Why is there a man entry in /etc/passwd

man (the command, not the user) is a help application. Applications provide man pages in their packages but man needs to know where they are and also what help they provide. To speed things up — so man isn't search the whole filesystem when you type man <command> — these man pages are indexed into a database by a command called mandb.

In Ubuntu mandb stores indexes in a GNU gdbm database at /var/cache/man/index.db (and a few language specific versions in the same directory). This is a key-value hashing database not dissimilar to memcache, or a hundred other implementations on similar ideas. It's binary, light and fast. I'll throw in an example of how to play with it at the end.

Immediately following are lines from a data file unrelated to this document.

lemma \<Phi>_StT:
  assumes R: "orthogonal_matrix R" and \<theta>: "orthogonal_matrix \<theta>" and V: "V \<in> StT X"
  shows "\<Phi> R \<theta> V \<in> StT (\<Phi> R \<theta> X)"
proof -
  have "transpose (\<Phi> R \<theta> X) ** \<Phi> R \<theta> V + transpose (\<Phi> R \<theta> V) ** \<Phi> R \<theta> X
      = \<theta> ** (transpose X ** V + transpose V ** X) ** transpose \<theta>"
    using R by (simp add: \<Phi>_def matrix_ring_simps orthogonal_matrix_mult_cancel)
  then show ?thesis using V by (simp add: StT_def)
qed

lemma \<Phi>_StN:
  assumes R: "orthogonal_matrix R" and \<theta>: "orthogonal_matrix \<theta>" and N: "N \<in> StN X"
  shows "\<Phi> R \<theta> N \<in> StN (\<Phi> R \<theta> X)"
  unfolding StN_def frob_eq_inner
proof safe
  fix U assume "U \<in> StT (\<Phi> R \<theta> X)"
  then have "\<Phi> (transpose R) (transpose \<theta>) U \<in> StT (\<Phi> (transpose R) (transpose \<theta>) (\<Phi> R \<theta> X))"
    using R \<theta> by (simp add: \<Phi>_StT)
  then have "\<Phi> (transpose R) (transpose \<theta>) U \<in> StT X"
    using R \<theta> by (simp add: \<Phi>_transpose_\<Phi>)
  then show "\<Phi> R \<theta> N \<bullet> U = 0"
    using N by (simp add: inner_\<Phi>_left StN_def frob_eq_inner)
qed

lemma lin_isom_\<Phi>:
  assumes R: "orthogonal_matrix R" and \<theta>: "orthogonal_matrix \<theta>"
    and equivariant: "\<And>R \<theta> Y M. orthogonal_matrix R \<Longrightarrow> orthogonal_matrix \<theta> \<Longrightarrow> M \<in> P Y
      \<Longrightarrow> \<Phi> R \<theta> M \<in> P (\<Phi> R \<theta> Y)"
  shows "lin_isom eucl_metric eucl_metric (P X) (P (\<Phi> R \<theta> X)) (\<Phi> R \<theta>)"
proof (rule lin_isom_linearI[OF linear_\<Phi> linear_\<Phi>])
  fix M assume "M \<in> P X"
  then show "\<Phi> R \<theta> M \<in> P (\<Phi> R \<theta> X)" by (rule equivariant[OF R \<theta>])
next
  fix M assume "M \<in> P (\<Phi> R \<theta> X)"
  then have "\<Phi> (transpose R) (transpose \<theta>) M \<in> P (\<Phi> (transpose R) (transpose \<theta>) (\<Phi> R \<theta> X))"
    using R \<theta> by (intro equivariant) simp_all
  then show "\<Phi> (transpose R) (transpose \<theta>) M \<in> P X"
    by (simp only: \<Phi>_transpose_\<Phi>[OF R \<theta>])
next
  fix M show "\<Phi> (transpose R) (transpose \<theta>) (\<Phi> R \<theta> M) = M"
    by (rule \<Phi>_transpose_\<Phi>[OF R \<theta>])
next
  fix M show "\<Phi> R \<theta> (\<Phi> (transpose R) (transpose \<theta>) M) = M"
    using \<Phi>_transpose_\<Phi>[of "transpose R" "transpose \<theta>"] R \<theta> by simp
next
  fix V W show "eucl_metric (\<Phi> R \<theta> V) (\<Phi> R \<theta> W) = eucl_metric V W"
    by (simp add: eucl_metric_eq_inner inner_\<Phi>[OF R \<theta>])
qed

lemma has_vector_derivative_\<Phi>:
  assumes R': "(R has_vector_derivative R t ** fst \<xi>) (at t within I)"
    and \<theta>': "(\<theta> has_vector_derivative \<theta> t ** snd \<xi>) (at t within I)"
    and skew: "transpose (snd \<xi>) = - snd \<xi>"
    and W': "(W has_vector_derivative W') (at t within I)"
  shows "((\<lambda>s. \<Phi> (R s) (\<theta> s) (W s)) has_vector_derivative \<Phi> (R t) (\<theta> t) (f_act \<xi> (W t) + W'))
    (at t within I)"
proof -
  have "((\<lambda>s. R s ** W s ** transpose (\<theta> s)) has_vector_derivative
      R t ** W t ** transpose (\<theta> t ** snd \<xi>) + (R t ** W' + R t ** fst \<xi> ** W t) ** transpose (\<theta> t))
      (at t within I)"
    by (rule has_vector_derivative_matrix_mult[OF has_vector_derivative_matrix_mult[OF R' W']
          has_vector_derivative_transpose[OF \<theta>']])
  moreover have "R t ** W t ** transpose (\<theta> t ** snd \<xi>) + (R t ** W' + R t ** fst \<xi> ** W t) ** transpose (\<theta> t)
      = \<Phi> (R t) (\<theta> t) (f_act \<xi> (W t) + W')"
    using skew by (simp add: \<Phi>_def f_act_def matrix_ring_simps algebra_simps)
  ultimately show ?thesis by (simp add: \<Phi>_def)
qed

lemma has_vector_derivative_\<Phi>_const:
  assumes R': "(R has_vector_derivative R t ** fst \<xi>) (at t within I)"
    and \<theta>': "(\<theta> has_vector_derivative \<theta> t ** snd \<xi>) (at t within I)"
    and \<xi>: "at t within I \<noteq> bot \<Longrightarrow> \<xi> \<in> gset"
  shows "((\<lambda>s. \<Phi> (R s) (\<theta> s) X) has_vector_derivative \<Phi> (R t) (\<theta> t) (f_act \<xi> X)) (at t within I)"
proof (rule has_vector_derivative_nontrivialI)
  assume "at t within I \<noteq> bot"
  from has_vector_derivative_\<Phi>[OF R' \<theta>' gset_transpose_snd[OF \<xi>[OF this]] has_vector_derivative_const]
  show ?thesis by simp
qed

section \<open>The rolling frames\<close>

lemma lin_isom_tangent_frame:
  assumes X: "X \<in> Stiefel" and R: "orthogonal_matrix R" and \<theta>: "orthogonal_matrix \<theta>"
    and S: "O_p X S"
  shows "lin_isom eucl_metric eucl_metric (StT X) (StT (\<Phi> R \<theta> X))
    (\<lambda>V. \<Phi> R \<theta> (f_act (S (hlift X V)) X))"
proof -
  have "lin_isom eucl_metric eucl_metric (StT X) (StT (\<Phi> R \<theta> X))
      (\<Phi> R \<theta> \<circ> ((\<lambda>\<eta>. f_act \<eta> X) \<circ> (S \<circ> hlift X)))"
    using lin_isom_comp[OF lin_isom_comp[OF lin_isom_comp[OF lin_isom_hlift[OF X] S[unfolded O_p_def]]
        lin_isom_f_act[OF X]] lin_isom_\<Phi>[OF R \<theta> \<Phi>_StT]] .
  then show ?thesis by (simp add: comp_def)
qed

lemma lin_isom_normal_frame:
  assumes R: "orthogonal_matrix R" and \<theta>: "orthogonal_matrix \<theta>" and T: "O_N X T"
  shows "lin_isom eucl_metric eucl_metric (gcompl eucl_metric (StT X))
    (gcompl eucl_metric (StT (\<Phi> R \<theta> X))) (\<lambda>W. \<Phi> R \<theta> (T W))"
  unfolding gcompl_eucl_metric_StT
  using lin_isom_comp[OF T[unfolded O_N_def] lin_isom_\<Phi>[OF R \<theta> \<Phi>_StN]] by (simp add: comp_def)

lemma has_vector_derivative_tangent_frame:
  fixes S :: "real \<Rightarrow> (real^'n^'n) \<times> (real^'k^'k)"
  assumes X: "X \<in> Stiefel" and \<xi>: "\<xi> \<in> pset X" and St: "S t \<in> pset X"
    and R: "orthogonal_matrix (R t)" and \<theta>: "orthogonal_matrix (\<theta> t)"
    and R': "(R has_vector_derivative R t ** fst \<xi>) (at t within I)"
    and \<theta>': "(\<theta> has_vector_derivative \<theta> t ** snd \<xi>) (at t within I)"
    and S': "(S has_vector_derivative - (1/2) *\<^sub>R pr_p X (ad \<xi> (S t))) (at t within I)"
  shows "\<exists>d\<in>gcompl eucl_metric (StT (\<Phi> (R t) (\<theta> t) X)).
    ((\<lambda>s. \<Phi> (R s) (\<theta> s) (f_act (S s) X)) has_vector_derivative d) (at t within I)"
proof -
  have skew: "transpose (snd \<xi>) = - snd \<xi>" using pset_gset[OF \<xi>] by (rule gset_transpose_snd)
  have "f_act (pr_p X (ad \<xi> (S t))) X = f_act (ad \<xi> (S t)) X"
    by (rule f_act_pr_p[OF X ad_gset[OF pset_gset[OF \<xi>] pset_gset[OF St]]])
  then have "((\<lambda>s. f_act (S s) X) has_vector_derivative - (1/2) *\<^sub>R f_act (ad \<xi> (S t)) X)
      (at t within I)"
    using bounded_linear.has_vector_derivative[OF linear_f_act_left[of X, unfolded linear_conv_bounded_linear] S']
    by (simp add: linear_neg[OF linear_f_act_left] linear_scale[OF linear_f_act_left])
  from has_vector_derivative_\<Phi>[OF R' \<theta>' skew this]
  have "((\<lambda>s. \<Phi> (R s) (\<theta> s) (f_act (S s) X)) has_vector_derivative
      \<Phi> (R t) (\<theta> t) (f_act \<xi> (f_act (S t) X) - (1/2) *\<^sub>R f_act (ad \<xi> (S t)) X)) (at t within I)"
    by simp
  moreover have "\<Phi> (R t) (\<theta> t) (f_act \<xi> (f_act (S t) X) - (1/2) *\<^sub>R f_act (ad \<xi> (S t)) X)
      \<in> gcompl eucl_metric (StT (\<Phi> (R t) (\<theta> t) X))"
    unfolding gcompl_eucl_metric_StT by (intro \<Phi>_StN R \<theta> f_act_minus_half_ad_StN X \<xi> St)
  ultimately show ?thesis by blast
qed

lemma has_vector_derivative_normal_frame:
  assumes X: "X \<in> Stiefel" and \<xi>: "\<xi> \<in> gset"
    and R: "orthogonal_matrix (R t)" and \<theta>: "orthogonal_matrix (\<theta> t)"
    and R': "(R has_vector_derivative R t ** fst \<xi>) (at t within I)"
    and \<theta>': "(\<theta> has_vector_derivative \<theta> t ** snd \<xi>) (at t within I)"
    and N': "(N has_vector_derivative - PperpSt X (f_act \<xi> (N t))) (at t within I)"
  shows "\<exists>d\<in>StT (\<Phi> (R t) (\<theta> t) X). ((\<lambda>s. \<Phi> (R s) (\<theta> s) (N s)) has_vector_derivative d) (at t within I)"
proof -
  have skew: "transpose (snd \<xi>) = - snd \<xi>" using \<xi> by (rule gset_transpose_snd)
  have "((\<lambda>s. \<Phi> (R s) (\<theta> s) (N s)) has_vector_derivative
      \<Phi> (R t) (\<theta> t) (f_act \<xi> (N t) - PperpSt X (f_act \<xi> (N t)))) (at t within I)"
    using has_vector_derivative_\<Phi>[OF R' \<theta>' skew N'] by simp
  moreover have "\<Phi> (R t) (\<theta> t) (f_act \<xi> (N t) - PperpSt X (f_act \<xi> (N t))) \<in> StT (\<Phi> (R t) (\<theta> t) X)"
    by (intro \<Phi>_StT R \<theta> diff_PperpSt_StT X)
  ultimately show ?thesis by blast
qed

lemma hlift_velocity_pset:
  assumes X: "X \<in> Stiefel" and \<beta>: "\<forall>s\<in>I. \<beta> s \<in> StT X" and S: "O_p X S"
    and t: "t \<in> I" and nontriv: "at t within I \<noteq> bot"
    and \<beta>': "(\<beta> has_vector_derivative V) (at t within I)"
  shows "S (hlift X V) \<in> pset X"
proof -
  have "V \<in> StT X"
    using has_vector_derivative_in_subspace[OF subspace_StT _ nontriv t \<beta>'] \<beta> by blast
  then show ?thesis
    using S lin_isom_mem hlift_pset[OF X] unfolding O_p_def by blast
qed

lemma tangent_frame_parallel_wrt_iff:
  fixes S :: "real \<Rightarrow> (real^'n^'n) \<times> (real^'k^'k) \<Rightarrow> (real^'n^'n) \<times> (real^'k^'k)"
  assumes X: "X \<in> Stiefel" and I: "is_interval I"
    and orth: "\<forall>t\<in>I. orthogonal_matrix (R t) \<and> orthogonal_matrix (\<theta> t)"
    and R': "\<forall>t\<in>I. (R has_vector_derivative R t ** fst (\<xi> t)) (at t within I)"
    and \<theta>': "\<forall>t\<in>I. (\<theta> has_vector_derivative \<theta> t ** snd (\<xi> t)) (at t within I)"
    and \<xi>: "\<forall>t\<in>I. at t within I \<noteq> bot \<longrightarrow> \<xi> t \<in> pset X"
    and S: "\<forall>t\<in>I. O_p X (S t)"
    and S': "\<forall>t\<in>I. \<forall>\<eta>\<in>pset X.
      ((\<lambda>s. S s \<eta>) has_vector_derivative - (1/2) *\<^sub>R pr_p X (ad (\<xi> t) (S t \<eta>))) (at t within I)"
    and Z: "\<forall>t\<in>I. Z t \<in> StT X"
  shows "parallel_wrt (\<lambda>t. StT (\<Phi> (R t) (\<theta> t) X)) (\<lambda>t. gcompl eucl_metric (StT (\<Phi> (R t) (\<theta> t) X))) I
      (\<lambda>t. \<Phi> (R t) (\<theta> t) (f_act (S t (hlift X (Z t))) X))
    \<longleftrightarrow> parallel_wrt (\<lambda>_. StT X) (\<lambda>_. gcompl eucl_metric (StT X)) I Z"
proof -
  have isom: "lin_isom eucl_metric eucl_metric (StT X) (StT (\<Phi> (R t) (\<theta> t) X))
      (\<lambda>V. \<Phi> (R t) (\<theta> t) (f_act (S t (hlift X V)) X))" if "t \<in> I" for t
    using lin_isom_tangent_frame[OF X] orth S that by blast
  have deriv: "\<exists>d\<in>gcompl eucl_metric (StT (\<Phi> (R t) (\<theta> t) X)).
      ((\<lambda>s. \<Phi> (R s) (\<theta> s) (f_act (S s (hlift X V)) X)) has_vector_derivative d) (at t within I)"
    if t: "t \<in> I" and nontriv: "at t within I \<noteq> bot" and V: "V \<in> StT X" for t V
  proof -
    have \<xi>t: "\<xi> t \<in> pset X" using \<xi> t nontriv by blast
    have \<eta>: "hlift X V \<in> pset X" using hlift_pset[OF X V] .
    then have "S t (hlift X V) \<in> pset X" using S t lin_isom_mem unfolding O_p_def by blast
    then show ?thesis
      using has_vector_derivative_tangent_frame[OF X \<xi>t _ _ _ R'[rule_format, OF t] \<theta>'[rule_format, OF t]
          S'[rule_format, OF t \<eta>]] orth t by blast
  qed
  show ?thesis
    using I subspace_StT Z isom inner_gcompl_eucl_metric_right zero_gcompl_eucl_metric
      inner_gcompl_eucl_metric_right zero_gcompl_eucl_metric deriv
    by (rule lin_isom_parallel_wrt_iff)
qed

This indexing is scheduled to run daily in Ubuntu by /etc/cron.daily/man-db. The whole script runs as root and does some cleaning up first but right at the end we see mandb being run as the man user:

# --pidfile /dev/null so it always starts; mandb isn't really a daemon,
# but we want to start it like one.
start-stop-daemon --start --pidfile /dev/null \
                  --startas /usr/bin/mandb --oknodo --chuid man \
                  $iosched_idle \
                  -- --no-purge --quiet

It's not changing group, which is why all the group ownerships in /var/cache/man are still root.

But why does mandb run as a different user at all? It could (probably) run just as well as root but it's processing input from a variety of sources (look at manpath). Running as its own user insulates the system from the process blowing up —or worse— being exploited by malformed, corrupted or malicious man pages.

The worst that could happen would only affect the man pages index. Boo hoo. You can confirm that with something like:

sudo -u man find / -writable 2>/dev/null

And you can use that approach to see how much damage any user could wreak on a system. It's a good idea to audit your file permissions (I just found out that any user could delete my entire music collection, for example).


You can peek at the database with accessdb. Here are a few random records:

$ accessdb | shuf -n3
fpurge -> "- 3 3 1380819168 A - - gz purge a stream"
fcgetlangs -> "FcGetLangs 3 3 1402007131 A - - gz Get list of languages"
ipython -> "- 1 1 1393443907 A - - gz Tools for Interactive Computing in Python."

Though not entirely clear from the above, there are actually tab-separated fields in there:

<name> -> <ext> <sec> <mtime> <ID> <ref> <comp> <whatis> 

You can read more about the actual field contents in the technical manual.